Restate all of the entries exactly, each line as it stands.

(Records from a data source)
────────────────────

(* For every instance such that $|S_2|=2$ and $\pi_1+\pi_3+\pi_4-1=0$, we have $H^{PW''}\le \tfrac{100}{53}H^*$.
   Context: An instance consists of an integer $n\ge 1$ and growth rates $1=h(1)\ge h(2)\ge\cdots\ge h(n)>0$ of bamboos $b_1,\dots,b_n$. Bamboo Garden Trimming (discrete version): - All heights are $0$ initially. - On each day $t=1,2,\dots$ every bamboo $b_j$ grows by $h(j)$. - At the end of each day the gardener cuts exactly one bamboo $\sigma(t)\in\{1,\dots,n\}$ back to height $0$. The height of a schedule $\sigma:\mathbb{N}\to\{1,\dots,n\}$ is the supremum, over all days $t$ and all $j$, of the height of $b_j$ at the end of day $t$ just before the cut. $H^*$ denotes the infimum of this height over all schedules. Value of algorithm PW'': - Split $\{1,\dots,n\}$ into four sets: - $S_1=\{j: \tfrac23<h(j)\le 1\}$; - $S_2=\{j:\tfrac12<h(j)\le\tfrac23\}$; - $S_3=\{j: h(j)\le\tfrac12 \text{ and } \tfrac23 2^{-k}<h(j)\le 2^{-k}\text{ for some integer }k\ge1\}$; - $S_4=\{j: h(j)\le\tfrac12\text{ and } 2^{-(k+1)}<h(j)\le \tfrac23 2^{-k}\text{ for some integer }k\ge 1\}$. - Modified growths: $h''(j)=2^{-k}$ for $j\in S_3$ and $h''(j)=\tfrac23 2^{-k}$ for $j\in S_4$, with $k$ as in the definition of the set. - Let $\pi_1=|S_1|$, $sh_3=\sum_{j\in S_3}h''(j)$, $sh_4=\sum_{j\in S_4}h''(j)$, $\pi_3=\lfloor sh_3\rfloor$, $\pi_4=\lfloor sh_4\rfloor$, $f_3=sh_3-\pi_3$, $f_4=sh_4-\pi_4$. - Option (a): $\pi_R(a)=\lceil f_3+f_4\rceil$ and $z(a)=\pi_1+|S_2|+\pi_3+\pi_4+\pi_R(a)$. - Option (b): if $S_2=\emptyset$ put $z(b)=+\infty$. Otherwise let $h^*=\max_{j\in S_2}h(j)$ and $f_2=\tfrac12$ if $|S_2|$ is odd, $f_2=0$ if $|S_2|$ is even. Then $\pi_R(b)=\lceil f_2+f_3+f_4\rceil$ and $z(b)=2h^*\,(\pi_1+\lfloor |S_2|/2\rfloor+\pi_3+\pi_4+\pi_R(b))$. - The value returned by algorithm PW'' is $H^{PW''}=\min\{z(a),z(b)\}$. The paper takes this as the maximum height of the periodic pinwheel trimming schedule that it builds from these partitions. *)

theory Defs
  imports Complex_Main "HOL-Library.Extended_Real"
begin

────────────────────

Written answer>
(* For every instance such that $|S_2|=2$ and $\pi_1+\pi_3+\pi_4-1=0$, we have $H^{PW''}\le \tfrac{100}{53}H^*$.
   Context: An instance consists of an integer $n\ge 1$ and growth rates $1=h(1)\ge h(2)\ge\cdots\ge h(n)>0$ of bamboos $b_1,\dots,b_n$. Bamboo Garden Trimming (discrete version): - All heights are $0$ initially. - On each day $t=1,2,\dots$ every bamboo $b_j$ grows by $h(j)$. - At the end of each day the gardener cuts exactly one bamboo $\sigma(t)\in\{1,\dots,n\}$ back to height $0$. The height of a schedule $\sigma:\mathbb{N}\to\{1,\dots,n\}$ is the supremum, over all days $t$ and all $j$, of the height of $b_j$ at the end of day $t$ just before the cut. $H^*$ denotes the infimum of this height over all schedules. Value of algorithm PW'': - Split $\{1,\dots,n\}$ into four sets: - $S_1=\{j: \tfrac23<h(j)\le 1\}$; - $S_2=\{j:\tfrac12<h(j)\le\tfrac23\}$; - $S_3=\{j: h(j)\le\tfrac12 \text{ and } \tfrac23 2^{-k}<h(j)\le 2^{-k}\text{ for some integer }k\ge1\}$; - $S_4=\{j: h(j)\le\tfrac12\text{ and } 2^{-(k+1)}<h(j)\le \tfrac23 2^{-k}\text{ for some integer }k\ge 1\}$. - Modified growths: $h''(j)=2^{-k}$ for $j\in S_3$ and $h''(j)=\tfrac23 2^{-k}$ for $j\in S_4$, with $k$ as in the definition of the set. - Let $\pi_1=|S_1|$, $sh_3=\sum_{j\in S_3}h''(j)$, $sh_4=\sum_{j\in S_4}h''(j)$, $\pi_3=\lfloor sh_3\rfloor$, $\pi_4=\lfloor sh_4\rfloor$, $f_3=sh_3-\pi_3$, $f_4=sh_4-\pi_4$. - Option (a): $\pi_R(a)=\lceil f_3+f_4\rceil$ and $z(a)=\pi_1+|S_2|+\pi_3+\pi_4+\pi_R(a)$. - Option (b): if $S_2=\emptyset$ put $z(b)=+\infty$. Otherwise let $h^*=\max_{j\in S_2}h(j)$ and $f_2=\tfrac12$ if $|S_2|$ is odd, $f_2=0$ if $|S_2|$ is even. Then $\pi_R(b)=\lceil f_2+f_3+f_4\rceil$ and $z(b)=2h^*\,(\pi_1+\lfloor |S_2|/2\rfloor+\pi_3+\pi_4+\pi_R(b))$. - The value returned by algorithm PW'' is $H^{PW''}=\min\{z(a),z(b)\}$. The paper takes this as the maximum height of the periodic pinwheel trimming schedule that it builds from these partitions. *)

theory Defs
  imports Complex_Main "HOL-Library.Extended_Real"
begin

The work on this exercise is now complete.